((

lemma tree_geodesic_unique:
  assumes tree: "is_tree T ET" and "geodesic ET p x y" "geodesic ET q x y"
  shows "p = q"
  using assms(2,3)
proof (induction "length p" arbitrary: p q x y rule: less_induct)
  txt \<open>If p and q share an interior vertex, split both there and use induction; otherwise p
    followed by the reversed interior of q is a cycle.\<close>
  case less
  have len: "length q = length p"
    using geodesic_length_eq[OF less.prems] by simp
  show "p = q"
  proof (cases "\<exists>a. 0 < a \<and> Suc a < length p \<and> p ! a = q ! a")
    case True
    then obtain a where a: "0 < a" "Suc a < length p" "p ! a = q ! a" by blast
    have "take (Suc a) p = take (Suc a) q"
      using geodesic_split(1)[OF less.prems(1), of a] geodesic_split(1)[OF less.prems(2), of a] a len
      by (intro less.hyps) auto
    then have "take a p = take a q"
      by (metis le_SucI order_refl min.absorb1 take_take)
    moreover have "drop a p = drop a q"
      using geodesic_split(2)[OF less.prems(1), of a] geodesic_split(2)[OF less.prems(2), of a] a len
      by (intro less.hyps) auto
    ultimately show ?thesis
      by (metis append_take_drop_id)
  next
    case False
    have walks: "walk ET p x y" "walk ET q x y"
      using less.prems by (auto simp: geodesic_def)
    show ?thesis
    proof (rule ccontr)
      assume "p \<noteq> q"
      have long: "3 \<le> length p"
      proof (rule ccontr)
        assume "\<not> 3 \<le> length p"
        have "p ! i = q ! i" if "i < length p" for i
        proof -
          have "i = 0 \<or> i = length p - 1"
            using that \<open>\<not> 3 \<le> length p\<close> by arith
          then show ?thesis
            using walks len by (auto simp: walk_def hd_conv_nth last_conv_nth)
        qed
        then have "p = q"
          using len by (simp add: nth_equalityI)
        with \<open>p \<noteq> q\<close> show False ..
      qed
      define m where "m = butlast (tl q)"
      have q: "q = x # m @ [y]"
        using walks(2) long len by (cases q) (auto simp: walk_def m_def)
      have "m \<noteq> []"
        using q len long by auto
      then have m: "distinct m" "successively ET m" "ET x (hd m)" "ET (last m) y"
        using q geodesic_distinct[OF less.prems(2)] walks(2)
        by (auto simp: walk_def successively_append_iff successively_Cons)
      have "p ! a \<noteq> m ! i" if "a < length p" "i < length m" for a i
      proof
        assume "p ! a = m ! i"
        then have "p ! a = q ! Suc i" by (simp add: q nth_append that(2))
        moreover from this have "a = Suc i"
          using geodesic_nth_eq[OF less.prems] that q by auto
        ultimately have "p ! Suc i = q ! Suc i" by simp
        moreover have "Suc (Suc i) < length p"
          using that(2) len q by simp
        ultimately show False
          using False by blast
      qed
      then have disjoint: "set p \<inter> set m = {}"
        by (fastforce simp: in_set_conv_nth)
      have "successively ET (rev m)"
        using m(2) is_tree_sym[OF tree] by (auto intro: successively_mono)
      then have "successively ET (p @ rev m)"
        using walks(1) \<open>m \<noteq> []\<close> m is_tree_sym[OF tree]
        by (auto simp: walk_def successively_append_iff hd_rev)
      moreover have "ET (last (p @ rev m)) (hd (p @ rev m))"
        using walks(1) \<open>m \<noteq> []\<close> m is_tree_sym[OF tree] by (auto simp: walk_def last_rev)
      moreover have "distinct (p @ rev m)"
        using geodesic_distinct[OF less.prems(1)] m(1) disjoint by simp
      moreover have "3 \<le> length (p @ rev m)"
        using long by simp
      ultimately show False
        using tree_no_cycle[OF tree] by blast
    qed
  qed
qed

lemma tree_geodesic_first_step:
  assumes tree: "is_tree T ET" and xy: "x \<in> T" "y \<in> T" "x \<noteq> y"
  obtains z where "ET x z"
    and "\<And>f. (\<And>a b. ET a b \<Longrightarrow> ET (f a) (f b)) \<Longrightarrow> f x = x \<Longrightarrow> f y = y \<Longrightarrow> f z = z"
proof -
  have "ET\<^sup>*\<^sup>* x y"
    using tree xy unfolding is_tree_def graph_connected_def by blast
  then obtain p0 where "walk ET p0 x y"
    by (blast dest: walk_exists)
  then obtain p where p: "geodesic ET p x y"
    by (blast dest: geodesic_exists)
  then have w: "walk ET p x y"
    by (simp add: geodesic_def)
  have long: "Suc 0 < length p"
    using w xy(3) by (cases p) (auto simp: walk_def)
  have edge: "ET x (p ! 1)"
    using w successively_nth[of ET p 0] long by (auto simp: walk_def hd_conv_nth)
  show thesis
  proof (rule that[OF edge])
    fix f
    assume f: "\<And>a b. ET a b \<Longrightarrow> ET (f a) (f b)" "f x = x" "f y = y"
    have "walk ET (map f p) x y"
      using w f by (auto simp: walk_def hd_map last_map successively_map intro: successively_mono)
    then have "geodesic ET (map f p) x y"
      using p unfolding geodesic_def by simp
    then have "map f p = p"
      by (rule tree_geodesic_unique[OF tree _ p])
    then have "map f p ! 1 = p ! 1"
      by simp
    then show "f (p ! 1) = p ! 1"
      using long by simp
  qed
qed

lemma tree_action_fixes_edge:
  assumes "is_tree T ET" "tree_action G T ET \<phi>" "x \<in> T" "y \<in> T" "x \<noteq> y" "H \<subseteq> carrier G"
    and "\<And>h. h \<in> H \<Longrightarrow> \<phi> h x = x \<and> \<phi> h y = y"
  obtains z where "ET x z" "\<And>h. h \<in> H \<Longrightarrow> \<phi> h x = x \<and> \<phi> h z = z"
proof -
  obtain z where edge: "ET x z"
    and fixed: "\<And>f. (\<And>a b. ET a b \<Longrightarrow> ET (f a) (f b)) \<Longrightarrow> f x = x \<Longrightarrow> f y = y \<Longrightarrow> f z = z"
    using tree_geodesic_first_step[OF assms(1,3-5)] by blast
  have "\<phi> h z = z" if "h \<in> H" for h
  proof (rule fixed)
    show "\<And>a b. ET a b \<Longrightarrow> ET (\<phi> h a) (\<phi> h b)"
      using assms(2,6) that unfolding tree_action_def by blast
  qed (use assms(7) that in auto)
  with edge show thesis
    using that assms(7) by blast
qed

lemma tree_action_group: "tree_action G T ET \<phi> \<Longrightarrow> group G"
  by (auto simp: tree_action_def group_action_def group_hom_def)

lemma tree_action_subgroup_generated:
  assumes "tree_action G T ET \<phi>"
  shows "tree_action (subgroup_generated G S) T ET \<phi>"
proof -
  interpret group G using tree_action_group[OF assms] .
  have "\<phi> \<in> hom G (BijGroup T)"
    using assms by (simp add: tree_action_def group_action_def group_hom_def group_hom_axioms_def)
  then have "group_action (subgroup_generated G S) T \<phi>"
    by (simp add: group_action_def group_hom_def group_hom_axioms_def group_BijGroup
        hom_from_subgroup_generated)
  then show ?thesis
    using assms carrier_subgroup_generated_subset unfolding tree_action_def by blast
qed

lemma (in group_action) fixed_by_generate:
  assumes "x \<in> E" "S \<subseteq> carrier G" "\<And>s. s \<in> S \<Longrightarrow> \<phi> s x = x" "g \<in> generate G S"
  shows "\<phi> g x = x"
proof -
  have "generate G S \<subseteq> stabilizer G \<phi> x"
    using assms(1-3) by (intro group.generate_subgroup_incl[OF group_hom.axioms(1)[OF group_hom]]
        stabilizer_subgroup) (auto simp: stabilizer_def)
  then show ?thesis
    using assms(4) by (auto simp: stabilizer_def)
qed

definition H_subgroup_fixes_edge ::
    "('a, 'm) monoid_scheme \<Rightarrow> ('t \<Rightarrow> 't \<Rightarrow> bool) \<Rightarrow> ('a \<Rightarrow> 't \<Rightarrow> 't) \<Rightarrow> bool" where
  "H_subgroup_fixes_edge G ET \<phi> \<longleftrightarrow>
     (\<exists>H x y. subgroup H G \<and> (G\<lparr>carrier := H\<rparr> \<cong> F2_group \<or> G\<lparr>carrier := H\<rparr> \<cong> Z2_group)
        \<and> ET x y \<and> (\<forall>h\<in>H. \<phi> h x = x \<and> \<phi> h y = y))"

lemma prop_FH_iff:
  "prop_FH G TYPE('t) \<longleftrightarrow>
     (\<forall>(T :: 't set) ET \<phi>. is_tree T ET \<and> tree_action G T ET \<phi> \<longrightarrow>
        (\<exists>x\<in>T. \<forall>g\<in>carrier G. \<phi> g x = x) \<or> H_subgroup_fixes_edge G ET \<phi>)"
  by (simp add: prop_FH_def H_subgroup_fixes_edge_def)

lemma H_subgroup_fixes_edge_subgroup_generated:
  assumes "group G" "H_subgroup_fixes_edge (subgroup_generated G S) ET \<phi>"
  shows "H_subgroup_fixes_edge G ET \<phi>"
  using assms group.subgroup_subgroup_generated_iff[OF assms(1)]
  by (auto simp: H_subgroup_fixes_edge_def subgroup_generated_def)

lemma prop_FH_subgroup_generated_fixed_point:
  fixes T :: "'t set"
  assumes "prop_FH (subgroup_generated G S) TYPE('t)" "is_tree T ET" "tree_action G T ET \<phi>"
    "\<not> H_subgroup_fixes_edge G ET \<phi>" "S \<subseteq> carrier G"
  shows "\<exists>x\<in>T. \<forall>s\<in>S. \<phi> s x = x"
proof -
  have "S \<subseteq> carrier (subgroup_generated G S)"
    using assms(5) by (auto simp: carrier_subgroup_generated intro: generate.incl)
  moreover have "\<not> H_subgroup_fixes_edge (subgroup_generated G S) ET \<phi>"
    using assms(4) H_subgroup_fixes_edge_subgroup_generated tree_action_group[OF assms(3)] by blast
  ultimately show ?thesis
    using assms(1-3) tree_action_subgroup_generated unfolding prop_FH_iff by blast
qed
lemma g_indices_if_comparable_at_top:
  assumes "comparable_at_top f g"
  shows "alpha_idx g < \<infinity>" "0 < beta_idx g"
proof -
  obtain c C where "c > 0" "C > 0" and cC: "\<forall>\<^sub>F x in at_top. c * g x \<le> f x \<and> f x \<le> C * g x"
    using assms unfolding comparable_at_top_def by blast
  define q where "q = exp (1 / (2 * C))"
  have "q > 1" "ln q = 1 / (2 * C)"
    unfolding q_def using \<open>C > 0\<close> by auto
  have "\<forall>\<^sub>F x in at_top. \<forall>l\<ge>1. f (l * x) \<le> C * g (l * x)"
    using cC by (rule eventually_at_top_dilations[OF eventually_mono]) simp
  then have "\<forall>\<^sub>F x in at_top. g (q * x) \<le> 2 * g x"
    using eventually_gt_at_top[of 0]
  proof eventually_elim
    case (elim x)
    have "g (q * x) \<le> g x + f (q * x) * ln q"
      using g_dilation elim(2) \<open>q > 1\<close> by simp
    moreover have "f (q * x) * ln q \<le> C * g (q * x) * ln q"
      using elim(1) \<open>q > 1\<close> by (intro mult_right_mono) auto
    moreover have "C * g (q * x) * ln q = g (q * x) / 2"
      using \<open>ln q = 1 / (2 * C)\<close> \<open>C > 0\<close> by simp
    ultimately show ?case
      by simp
  qed
  with eventually_g_pos eventually_g_mono
  have "\<forall>\<^sub>F x in at_top. 0 < g x \<and> g (q * x) \<le> 2 * g x \<and> (\<forall>y\<ge>x. g x \<le> g y)"
    by eventually_elim blast
  then have "alpha_admissible g (log q 2)"
    by (rule alpha_admissible_if_doubling[OF \<open>q > 1\<close>])
  then show "alpha_idx g < \<infinity>"
    unfolding alpha_idx_less_infinity_iff by blast
  define p where "p = exp (1 / c)"
  have "p > 1" "ln p = 1 / c"
    unfolding p_def using \<open>c > 0\<close> by auto
  have "\<forall>\<^sub>F x in at_top. 2 * g x \<le> g (p * x)"
    using cC eventually_gt_at_top[of 0]
  proof eventually_elim
    case (elim x)
    have "g x = c * g x * ln p"
      using \<open>ln p = 1 / c\<close> \<open>c > 0\<close> by simp
    also have "\<dots> \<le> f x * ln p"
      using elim(1) \<open>p > 1\<close> by (intro mult_right_mono) auto
    finally show ?case
      using g_dilation(1)[of x p] elim(2) \<open>p > 1\<close> by simp
  qed
  with eventually_g_pos eventually_g_mono
  have "\<forall>\<^sub>F x in at_top. 0 < g x \<and> 2 * g x \<le> g (p * x) \<and> (\<forall>y\<ge>x. g x \<le> g y)"
    by eventually_elim blast
  then have "beta_admissible g (log p 2)"
    by (rule beta_admissible_if_doubling[OF \<open>p > 1\<close>])
  moreover have "log p 2 > 0"
    using \<open>p > 1\<close> by simp
  ultimately show "0 < beta_idx g"
    unfolding beta_idx_pos_iff by blast
qed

))

To answer, copy each line from the material above that has the word "interior".

  txt \<open>If p and q share an interior vertex, split both there and use induction; otherwise p
    followed by the reversed interior of q is a cycle.\<close>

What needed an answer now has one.